> GOAL OF THE EXERCISE:
When the line with "then obtain T" appears below, start repeating lines exactly, and keep going through the line with "S' T] by auto"; add nothing outside that span.

[Saved data entries]
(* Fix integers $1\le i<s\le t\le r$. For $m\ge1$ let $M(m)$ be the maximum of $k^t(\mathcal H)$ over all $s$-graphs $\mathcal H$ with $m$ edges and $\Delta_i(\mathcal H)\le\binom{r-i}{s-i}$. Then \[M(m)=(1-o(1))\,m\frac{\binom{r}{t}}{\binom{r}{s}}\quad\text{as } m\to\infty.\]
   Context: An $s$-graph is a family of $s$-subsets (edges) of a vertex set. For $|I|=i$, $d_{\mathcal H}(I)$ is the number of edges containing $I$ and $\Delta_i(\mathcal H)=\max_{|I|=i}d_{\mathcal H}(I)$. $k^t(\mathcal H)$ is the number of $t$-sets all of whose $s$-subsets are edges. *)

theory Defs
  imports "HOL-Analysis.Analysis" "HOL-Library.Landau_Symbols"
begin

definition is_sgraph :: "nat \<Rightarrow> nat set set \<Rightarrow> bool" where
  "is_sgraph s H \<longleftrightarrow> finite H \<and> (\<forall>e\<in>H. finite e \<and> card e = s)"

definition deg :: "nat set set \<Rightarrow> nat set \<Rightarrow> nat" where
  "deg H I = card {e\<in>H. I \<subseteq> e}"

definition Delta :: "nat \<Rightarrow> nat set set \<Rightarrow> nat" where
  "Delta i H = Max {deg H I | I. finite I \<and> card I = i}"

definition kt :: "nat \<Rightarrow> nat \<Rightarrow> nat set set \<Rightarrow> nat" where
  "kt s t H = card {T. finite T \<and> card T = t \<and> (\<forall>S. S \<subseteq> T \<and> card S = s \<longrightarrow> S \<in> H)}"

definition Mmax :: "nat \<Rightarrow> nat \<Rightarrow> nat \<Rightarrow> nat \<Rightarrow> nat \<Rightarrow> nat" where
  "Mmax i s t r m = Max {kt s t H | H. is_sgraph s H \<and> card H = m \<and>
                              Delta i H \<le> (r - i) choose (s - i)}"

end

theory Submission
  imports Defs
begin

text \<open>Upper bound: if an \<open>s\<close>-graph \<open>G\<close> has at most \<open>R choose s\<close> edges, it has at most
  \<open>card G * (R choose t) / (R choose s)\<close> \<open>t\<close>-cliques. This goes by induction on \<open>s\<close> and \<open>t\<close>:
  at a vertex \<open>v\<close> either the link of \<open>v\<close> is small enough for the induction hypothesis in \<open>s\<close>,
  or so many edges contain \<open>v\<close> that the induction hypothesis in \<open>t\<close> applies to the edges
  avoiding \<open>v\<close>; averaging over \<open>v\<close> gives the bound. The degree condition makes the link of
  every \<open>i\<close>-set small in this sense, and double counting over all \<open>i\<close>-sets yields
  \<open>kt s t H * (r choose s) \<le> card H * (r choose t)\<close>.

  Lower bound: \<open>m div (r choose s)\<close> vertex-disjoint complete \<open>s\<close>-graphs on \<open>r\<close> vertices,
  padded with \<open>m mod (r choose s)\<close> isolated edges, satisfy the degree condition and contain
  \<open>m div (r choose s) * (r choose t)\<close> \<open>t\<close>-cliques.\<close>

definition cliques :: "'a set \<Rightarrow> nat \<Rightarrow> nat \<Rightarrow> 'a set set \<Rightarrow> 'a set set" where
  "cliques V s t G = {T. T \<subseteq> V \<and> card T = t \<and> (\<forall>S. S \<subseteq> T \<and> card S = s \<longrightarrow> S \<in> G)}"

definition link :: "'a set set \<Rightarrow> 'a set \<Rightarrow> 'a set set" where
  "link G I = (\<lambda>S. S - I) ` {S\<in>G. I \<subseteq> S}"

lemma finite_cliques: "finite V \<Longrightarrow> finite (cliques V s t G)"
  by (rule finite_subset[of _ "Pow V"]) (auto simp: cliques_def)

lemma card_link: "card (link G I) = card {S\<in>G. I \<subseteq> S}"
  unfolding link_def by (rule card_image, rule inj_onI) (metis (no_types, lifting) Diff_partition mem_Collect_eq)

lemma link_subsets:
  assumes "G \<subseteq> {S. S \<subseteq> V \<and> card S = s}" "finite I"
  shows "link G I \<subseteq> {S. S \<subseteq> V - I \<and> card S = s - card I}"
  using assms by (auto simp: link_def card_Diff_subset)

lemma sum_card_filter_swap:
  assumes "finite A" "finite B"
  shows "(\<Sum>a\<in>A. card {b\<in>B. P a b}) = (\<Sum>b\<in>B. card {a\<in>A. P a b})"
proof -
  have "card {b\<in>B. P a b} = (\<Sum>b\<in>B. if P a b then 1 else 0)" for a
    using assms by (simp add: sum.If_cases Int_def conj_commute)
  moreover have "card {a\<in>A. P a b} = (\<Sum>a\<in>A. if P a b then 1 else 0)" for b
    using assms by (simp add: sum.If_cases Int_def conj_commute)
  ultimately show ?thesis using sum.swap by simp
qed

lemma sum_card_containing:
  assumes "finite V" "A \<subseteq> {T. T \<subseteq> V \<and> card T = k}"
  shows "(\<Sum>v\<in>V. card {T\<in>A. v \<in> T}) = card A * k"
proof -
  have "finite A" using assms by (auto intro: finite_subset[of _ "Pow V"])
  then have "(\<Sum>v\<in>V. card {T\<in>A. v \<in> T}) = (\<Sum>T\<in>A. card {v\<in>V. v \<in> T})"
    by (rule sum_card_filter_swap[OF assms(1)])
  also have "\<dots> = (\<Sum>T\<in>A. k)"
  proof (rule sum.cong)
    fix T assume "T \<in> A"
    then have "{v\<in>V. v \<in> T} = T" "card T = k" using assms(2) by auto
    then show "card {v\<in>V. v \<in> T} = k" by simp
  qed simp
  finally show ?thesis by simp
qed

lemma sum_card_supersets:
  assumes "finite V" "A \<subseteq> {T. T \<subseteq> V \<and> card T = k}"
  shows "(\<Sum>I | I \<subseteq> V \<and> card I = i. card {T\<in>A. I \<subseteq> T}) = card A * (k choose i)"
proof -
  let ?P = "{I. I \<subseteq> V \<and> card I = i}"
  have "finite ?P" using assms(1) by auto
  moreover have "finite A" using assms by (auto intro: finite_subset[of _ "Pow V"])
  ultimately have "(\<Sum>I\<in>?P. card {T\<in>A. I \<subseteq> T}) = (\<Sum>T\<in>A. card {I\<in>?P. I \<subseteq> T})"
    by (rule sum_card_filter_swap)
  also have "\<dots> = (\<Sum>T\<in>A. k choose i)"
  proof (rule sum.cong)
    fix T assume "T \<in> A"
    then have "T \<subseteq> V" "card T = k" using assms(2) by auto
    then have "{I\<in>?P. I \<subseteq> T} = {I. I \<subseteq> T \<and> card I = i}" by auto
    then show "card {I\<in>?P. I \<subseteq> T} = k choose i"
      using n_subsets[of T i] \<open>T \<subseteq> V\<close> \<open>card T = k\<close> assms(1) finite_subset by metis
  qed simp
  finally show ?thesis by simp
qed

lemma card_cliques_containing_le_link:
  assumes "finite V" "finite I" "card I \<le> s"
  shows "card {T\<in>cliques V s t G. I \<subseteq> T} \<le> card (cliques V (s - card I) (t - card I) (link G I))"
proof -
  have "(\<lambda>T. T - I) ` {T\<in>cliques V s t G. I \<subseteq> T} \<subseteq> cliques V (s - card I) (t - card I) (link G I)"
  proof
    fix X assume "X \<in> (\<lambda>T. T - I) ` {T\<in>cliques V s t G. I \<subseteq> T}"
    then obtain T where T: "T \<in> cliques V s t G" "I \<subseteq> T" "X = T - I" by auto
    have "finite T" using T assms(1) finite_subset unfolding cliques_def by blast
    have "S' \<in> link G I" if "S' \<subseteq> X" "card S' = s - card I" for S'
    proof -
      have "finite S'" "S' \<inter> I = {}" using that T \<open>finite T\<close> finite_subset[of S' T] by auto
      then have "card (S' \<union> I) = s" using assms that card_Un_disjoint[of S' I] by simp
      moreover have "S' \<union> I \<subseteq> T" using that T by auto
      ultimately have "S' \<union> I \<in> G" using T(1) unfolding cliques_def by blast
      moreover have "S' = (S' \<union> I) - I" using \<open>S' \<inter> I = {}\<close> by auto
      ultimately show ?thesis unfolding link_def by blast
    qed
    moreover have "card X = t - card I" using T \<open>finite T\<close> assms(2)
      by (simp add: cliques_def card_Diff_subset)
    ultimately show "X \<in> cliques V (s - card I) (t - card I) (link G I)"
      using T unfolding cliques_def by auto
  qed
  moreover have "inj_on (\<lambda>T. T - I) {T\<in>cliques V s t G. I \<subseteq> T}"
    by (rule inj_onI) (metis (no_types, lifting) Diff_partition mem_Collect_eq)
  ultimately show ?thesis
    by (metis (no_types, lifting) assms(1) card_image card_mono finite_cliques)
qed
--
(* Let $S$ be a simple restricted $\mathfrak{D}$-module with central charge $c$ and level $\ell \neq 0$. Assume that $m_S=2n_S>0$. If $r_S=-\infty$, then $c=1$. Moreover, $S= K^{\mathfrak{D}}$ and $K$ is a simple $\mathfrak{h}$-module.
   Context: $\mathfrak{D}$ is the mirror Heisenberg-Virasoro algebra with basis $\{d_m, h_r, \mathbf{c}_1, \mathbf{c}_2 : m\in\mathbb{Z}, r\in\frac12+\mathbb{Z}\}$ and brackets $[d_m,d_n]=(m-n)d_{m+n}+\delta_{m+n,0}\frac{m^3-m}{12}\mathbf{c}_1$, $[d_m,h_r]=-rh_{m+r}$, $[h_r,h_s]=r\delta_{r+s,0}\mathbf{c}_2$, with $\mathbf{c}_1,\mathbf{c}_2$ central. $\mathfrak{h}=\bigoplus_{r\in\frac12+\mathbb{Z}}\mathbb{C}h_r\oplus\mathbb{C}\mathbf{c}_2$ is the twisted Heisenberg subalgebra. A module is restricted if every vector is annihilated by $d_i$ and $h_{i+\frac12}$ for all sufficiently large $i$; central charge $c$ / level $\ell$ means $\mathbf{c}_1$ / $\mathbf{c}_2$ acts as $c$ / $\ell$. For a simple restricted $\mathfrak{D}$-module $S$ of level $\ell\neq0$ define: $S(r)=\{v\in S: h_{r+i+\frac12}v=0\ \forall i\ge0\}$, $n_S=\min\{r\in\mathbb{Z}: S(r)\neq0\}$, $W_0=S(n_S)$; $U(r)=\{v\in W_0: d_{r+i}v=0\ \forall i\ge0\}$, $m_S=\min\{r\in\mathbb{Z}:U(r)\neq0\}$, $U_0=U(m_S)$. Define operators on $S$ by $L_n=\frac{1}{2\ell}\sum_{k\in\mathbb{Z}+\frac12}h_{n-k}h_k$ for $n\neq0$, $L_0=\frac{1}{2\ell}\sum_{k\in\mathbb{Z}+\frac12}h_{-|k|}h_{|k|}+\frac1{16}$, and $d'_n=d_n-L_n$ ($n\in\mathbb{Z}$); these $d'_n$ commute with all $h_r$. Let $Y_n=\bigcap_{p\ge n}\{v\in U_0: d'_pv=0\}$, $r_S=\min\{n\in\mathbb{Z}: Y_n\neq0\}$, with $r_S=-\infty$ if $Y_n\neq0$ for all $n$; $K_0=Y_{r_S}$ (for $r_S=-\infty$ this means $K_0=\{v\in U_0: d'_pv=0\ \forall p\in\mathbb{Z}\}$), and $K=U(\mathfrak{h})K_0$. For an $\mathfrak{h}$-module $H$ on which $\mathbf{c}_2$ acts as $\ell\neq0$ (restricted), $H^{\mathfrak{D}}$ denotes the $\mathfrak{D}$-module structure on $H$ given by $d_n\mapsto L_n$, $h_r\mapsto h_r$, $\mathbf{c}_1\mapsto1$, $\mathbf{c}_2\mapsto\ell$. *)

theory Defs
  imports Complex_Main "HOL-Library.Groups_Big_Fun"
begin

> SOLUTION FOR THIS TASK:
    then obtain T where T: "T \<in> cliques V s t G" "I \<subseteq> T" "X = T - I" by auto
    have "finite T" using T assms(1) finite_subset unfolding cliques_def by blast
    have "S' \<in> link G I" if "S' \<subseteq> X" "card S' = s - card I" for S'
    proof -
      have "finite S'" "S' \<inter> I = {}" using that T \<open>finite T\<close> finite_subset[of S' T] by auto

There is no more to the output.